──────── EXERCISE INPUT

lemma closedin_X: "closedin V_product_top X"
proof -
  have proj: "continuous_map V_product_top (discrete_topology (V n)) (\<lambda>x. x n)" for n
    by (rule continuous_map_product_projection) simp
  have "closedin V_product_top {x \<in> topspace V_product_top. Psi n (x (Suc n)) = x n}" for n
  proof (rule closedin_continuous_maps_eq)
    show "continuous_map V_product_top (discrete_topology (V n)) (\<lambda>x. Psi n (x (Suc n)))"
      using continuous_map_compose[OF proj[of "Suc n"], of "discrete_topology (V n)" "Psi n"]
        Psi_image_V by (auto simp: o_def)
  qed (simp_all add: proj)
  moreover have "X = (\<Inter>n. {x \<in> topspace V_product_top. Psi n (x (Suc n)) = x n})"
    by (auto simp: cantor_X_iff PiE_def extensional_def Pi_iff)
  ultimately show ?thesis by auto
qed

lemma compact_space_fence_top: "compact_space (fence_top V Psi phiL phiU)"
proof -
  let ?Q = "prod_topology (X_top V Psi) euclideanreal"
  have "compactin V_product_top X"
    using closedin_compact_space[OF _ closedin_X] finite_V
    by (simp add: compact_space_product_topology compact_space_discrete_topology)
  then have "compactin ?Q (X \<times> {0..1})"
    unfolding X_top_def by (simp add: compactin_subtopology compactin_Times)
  moreover have "Fence \<subseteq> X \<times> {0..1}"
  proof clarify
    fix x t assume "(x, t) \<in> Fence"
    then have x: "x \<in> X" and "phiL 0 (x 0) \<le> t" "t \<le> phiU 0 (x 0)" by (simp_all add: mem_fence_iff)
    with phi_bounds[OF cantor_X_in_V[OF x, of 0]] show "x \<in> X \<and> t \<in> {0..1}" by simp
  qed
  moreover have "closedin ?Q Fence"
  proof -
    have coord: "continuous_map ?Q euclideanreal (\<lambda>p. f (fst p n))" for f :: "'a \<Rightarrow> real" and n
    proof -
      have "continuous_map (X_top V Psi) euclideanreal (\<lambda>x. f (x n))"
        by (rule continuous_map_coordinate) simp
      then show ?thesis using continuous_map_compose[OF continuous_map_fst] by (simp add: o_def)
    qed
    let ?C = "\<lambda>n. {p \<in> topspace ?Q. phiL n (fst p n) \<le> snd p} \<inter> {p \<in> topspace ?Q. snd p \<le> phiU n (fst p n)}"
    have "closedin ?Q (?C n)" for n
      by (intro closedin_Int closedin_continuous_maps_le coord continuous_map_snd)
    moreover have "Fence = (\<Inter>n. ?C n)"
      by (force simp: topspace_X_top mem_fence_iff)
    ultimately show ?thesis by auto
  qed
  ultimately have "compactin ?Q Fence" by (rule closed_compactin)
  then show ?thesis unfolding fence_top_def by (rule compact_space_subtopology)
qed

lemma Hausdorff_space_fence_top: "Hausdorff_space (fence_top V Psi phiL phiU)"
  unfolding fence_top_def X_top_def
  by (intro Hausdorff_space_subtopology Hausdorff_space_prod_topology[THEN iffD2] disjI2 conjI)
     (simp_all add: Hausdorff_space_product_topology)

end

section \<open>The fibre map \<open>s\<close> and the fence map \<open>T\<close>\<close>

locale Gamma_F_system = strict_F_system +
  assumes condition_Gamma: "condition_Gamma E Psi phiL phiU"
begin

abbreviation "s \<equiv> s_lim V E Psi phiL phiU"

definition Gamma_tail :: "nat \<Rightarrow> real" where
  "Gamma_tail k = (\<Sum>j. Gamma E Psi phiL phiU (j + k))"

lemma Gamma_tail_tendsto_0: "Gamma_tail \<longlonglongrightarrow> 0"
  using condition_Gamma unfolding condition_Gamma_def Gamma_tail_def by (rule suminf_exist_split2)

lemma s_n_tail_bound:
  assumes "x \<in> X" "k \<le> m" "phiL m (x m) \<le> t" "t \<le> phiU m (x m)"
  shows "\<bar>s_n phiL phiU k (x k) (H x k) t - s_n phiL phiU m (x m) (H x m) t\<bar> \<le> Gamma_tail k"
  unfolding Gamma_tail_def
  using edges_subset condition_Gamma[unfolded condition_Gamma_def] assms(1) H_in_X[OF assms(1)]
    H_edge[OF assms(1)] assms(2-)
  by (rule thread_s_n_tail_bound)

lemma
  assumes "(x, t) \<in> Fence"
  shows s_n_tendsto_s: "(\<lambda>k. s_n phiL phiU k (x k) (H x k) t) \<longlonglongrightarrow> s x t"
    and s_n_approx_s: "\<bar>s_n phiL phiU k (x k) (H x k) t - s x t\<bar> \<le> Gamma_tail k"
proof -
  have x: "x \<in> X" and t: "\<And>m. phiL m (x m) \<le> t \<and> t \<le> phiU m (x m)"
    using assms by (simp_all add: mem_fence_iff)
  have "s x t = lim (\<lambda>k. s_n phiL phiU k (x k) (H x k) t)" unfolding s_lim_def ..
  then show "(\<lambda>k. s_n phiL phiU k (x k) (H x k) t) \<longlonglongrightarrow> s x t"
    and "\<bar>s_n phiL phiU k (x k) (H x k) t - s x t\<bar> \<le> Gamma_tail k"
    using convergent_if_tail_bounded[OF s_n_tail_bound[OF x] Gamma_tail_tendsto_0] t by auto
qed

lemma s_in_fence:
  assumes xt: "(x, t) \<in> Fence" shows "(H x, s x t) \<in> Fence"
proof -
  have x: "x \<in> X" and t: "\<And>m. phiL m (x m) \<le> t \<and> t \<le> phiU m (x m)"
    using xt by (simp_all add: mem_fence_iff)
  have bound: "phiL n (H x n) \<le> s_n phiL phiU m (x m) (H x m) t
      \<and> s_n phiL phiU m (x m) (H x m) t \<le> phiU n (H x n)" if "n \<le> m" for n m
  proof -
    have "phiL m (H x m) \<le> s_n phiL phiU m (x m) (H x m) t
        \<and> s_n phiL phiU m (x m) (H x m) t \<le> phiU m (H x m)"
      using s_n_in_fibre[OF cantor_X_in_V[OF x] cantor_X_in_V[OF H_in_X[OF x]]] t by blast
    then show ?thesis
      using monoD[OF phiL_incseq[OF H_in_X[OF x]] that] antimonoD[OF phiU_decseq[OF H_in_X[OF x]] that]
      by linarith
  qed
  have "phiL n (H x n) \<le> s x t \<and> s x t \<le> phiU n (H x n)" for n
  proof
    show "phiL n (H x n) \<le> s x t"
      by (rule LIMSEQ_le_const[OF s_n_tendsto_s[OF xt]]) (use bound in blast)
    show "s x t \<le> phiU n (H x n)"
      by (rule LIMSEQ_le_const2[OF s_n_tendsto_s[OF xt]]) (use bound in blast)
  qed
  then show ?thesis using H_in_X[OF x] by (simp add: mem_fence_iff)
qed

────────────────

#### [THE TASK]
The answer must be the full listing, copied exactly.

#### [OUTPUT BELOW]
lemma closedin_X: "closedin V_product_top X"
proof -
  have proj: "continuous_map V_product_top (discrete_topology (V n)) (\<lambda>x. x n)" for n
    by (rule continuous_map_product_projection) simp
  have "closedin V_product_top {x \<in> topspace V_product_top. Psi n (x (Suc n)) = x n}" for n
  proof (rule closedin_continuous_maps_eq)
    show "continuous_map V_product_top (discrete_topology (V n)) (\<lambda>x. Psi n (x (Suc n)))"
      using continuous_map_compose[OF proj[of "Suc n"], of "discrete_topology (V n)" "Psi n"]
        Psi_image_V by (auto simp: o_def)
  qed (simp_all add: proj)
  moreover have "X = (\<Inter>n. {x \<in> topspace V_product_top. Psi n (x (Suc n)) = x n})"
    by (auto simp: cantor_X_iff PiE_def extensional_def Pi_iff)
  ultimately show ?thesis by auto
qed

lemma compact_space_fence_top: "compact_space (fence_top V Psi phiL phiU)"
proof -
  let ?Q = "prod_topology (X_top V Psi) euclideanreal"
  have "compactin V_product_top X"
    using closedin_compact_space[OF _ closedin_X] finite_V
    by (simp add: compact_space_product_topology compact_space_discrete_topology)
  then have "compactin ?Q (X \<times> {0..1})"
    unfolding X_top_def by (simp add: compactin_subtopology compactin_Times)
  moreover have "Fence \<subseteq> X \<times> {0..1}"
  proof clarify
    fix x t assume "(x, t) \<in> Fence"
    then have x: "x \<in> X" and "phiL 0 (x 0) \<le> t" "t \<le> phiU 0 (x 0)" by (simp_all add: mem_fence_iff)
    with phi_bounds[OF cantor_X_in_V[OF x, of 0]] show "x \<in> X \<and> t \<in> {0..1}" by simp
  qed
  moreover have "closedin ?Q Fence"
  proof -
    have coord: "continuous_map ?Q euclideanreal (\<lambda>p. f (fst p n))" for f :: "'a \<Rightarrow> real" and n
    proof -
      have "continuous_map (X_top V Psi) euclideanreal (\<lambda>x. f (x n))"
        by (rule continuous_map_coordinate) simp
      then show ?thesis using continuous_map_compose[OF continuous_map_fst] by (simp add: o_def)
    qed
    let ?C = "\<lambda>n. {p \<in> topspace ?Q. phiL n (fst p n) \<le> snd p} \<inter> {p \<in> topspace ?Q. snd p \<le> phiU n (fst p n)}"
    have "closedin ?Q (?C n)" for n
      by (intro closedin_Int closedin_continuous_maps_le coord continuous_map_snd)
    moreover have "Fence = (\<Inter>n. ?C n)"
      by (force simp: topspace_X_top mem_fence_iff)
    ultimately show ?thesis by auto
  qed
  ultimately have "compactin ?Q Fence" by (rule closed_compactin)
  then show ?thesis unfolding fence_top_def by (rule compact_space_subtopology)
qed

lemma Hausdorff_space_fence_top: "Hausdorff_space (fence_top V Psi phiL phiU)"
  unfolding fence_top_def X_top_def
  by (intro Hausdorff_space_subtopology Hausdorff_space_prod_topology[THEN iffD2] disjI2 conjI)
     (simp_all add: Hausdorff_space_product_topology)

end

section \<open>The fibre map \<open>s\<close> and the fence map \<open>T\<close>\<close>

locale Gamma_F_system = strict_F_system +
  assumes condition_Gamma: "condition_Gamma E Psi phiL phiU"
begin

abbreviation "s \<equiv> s_lim V E Psi phiL phiU"

definition Gamma_tail :: "nat \<Rightarrow> real" where
  "Gamma_tail k = (\<Sum>j. Gamma E Psi phiL phiU (j + k))"

lemma Gamma_tail_tendsto_0: "Gamma_tail \<longlonglongrightarrow> 0"
  using condition_Gamma unfolding condition_Gamma_def Gamma_tail_def by (rule suminf_exist_split2)

lemma s_n_tail_bound:
  assumes "x \<in> X" "k \<le> m" "phiL m (x m) \<le> t" "t \<le> phiU m (x m)"
  shows "\<bar>s_n phiL phiU k (x k) (H x k) t - s_n phiL phiU m (x m) (H x m) t\<bar> \<le> Gamma_tail k"
  unfolding Gamma_tail_def
  using edges_subset condition_Gamma[unfolded condition_Gamma_def] assms(1) H_in_X[OF assms(1)]
    H_edge[OF assms(1)] assms(2-)
  by (rule thread_s_n_tail_bound)

lemma
  assumes "(x, t) \<in> Fence"
  shows s_n_tendsto_s: "(\<lambda>k. s_n phiL phiU k (x k) (H x k) t) \<longlonglongrightarrow> s x t"
    and s_n_approx_s: "\<bar>s_n phiL phiU k (x k) (H x k) t - s x t\<bar> \<le> Gamma_tail k"
proof -
  have x: "x \<in> X" and t: "\<And>m. phiL m (x m) \<le> t \<and> t \<le> phiU m (x m)"
    using assms by (simp_all add: mem_fence_iff)
  have "s x t = lim (\<lambda>k. s_n phiL phiU k (x k) (H x k) t)" unfolding s_lim_def ..
  then show "(\<lambda>k. s_n phiL phiU k (x k) (H x k) t) \<longlonglongrightarrow> s x t"
    and "\<bar>s_n phiL phiU k (x k) (H x k) t - s x t\<bar> \<le> Gamma_tail k"
    using convergent_if_tail_bounded[OF s_n_tail_bound[OF x] Gamma_tail_tendsto_0] t by auto
qed

lemma s_in_fence:
  assumes xt: "(x, t) \<in> Fence" shows "(H x, s x t) \<in> Fence"
proof -
  have x: "x \<in> X" and t: "\<And>m. phiL m (x m) \<le> t \<and> t \<le> phiU m (x m)"
    using xt by (simp_all add: mem_fence_iff)
  have bound: "phiL n (H x n) \<le> s_n phiL phiU m (x m) (H x m) t
      \<and> s_n phiL phiU m (x m) (H x m) t \<le> phiU n (H x n)" if "n \<le> m" for n m
  proof -
    have "phiL m (H x m) \<le> s_n phiL phiU m (x m) (H x m) t
        \<and> s_n phiL phiU m (x m) (H x m) t \<le> phiU m (H x m)"
      using s_n_in_fibre[OF cantor_X_in_V[OF x] cantor_X_in_V[OF H_in_X[OF x]]] t by blast
    then show ?thesis
      using monoD[OF phiL_incseq[OF H_in_X[OF x]] that] antimonoD[OF phiU_decseq[OF H_in_X[OF x]] that]
      by linarith
  qed
  have "phiL n (H x n) \<le> s x t \<and> s x t \<le> phiU n (H x n)" for n
  proof
    show "phiL n (H x n) \<le> s x t"
      by (rule LIMSEQ_le_const[OF s_n_tendsto_s[OF xt]]) (use bound in blast)
    show "s x t \<le> phiU n (H x n)"
      by (rule LIMSEQ_le_const2[OF s_n_tendsto_s[OF xt]]) (use bound in blast)
  qed
  then show ?thesis using H_in_X[OF x] by (simp add: mem_fence_iff)
qed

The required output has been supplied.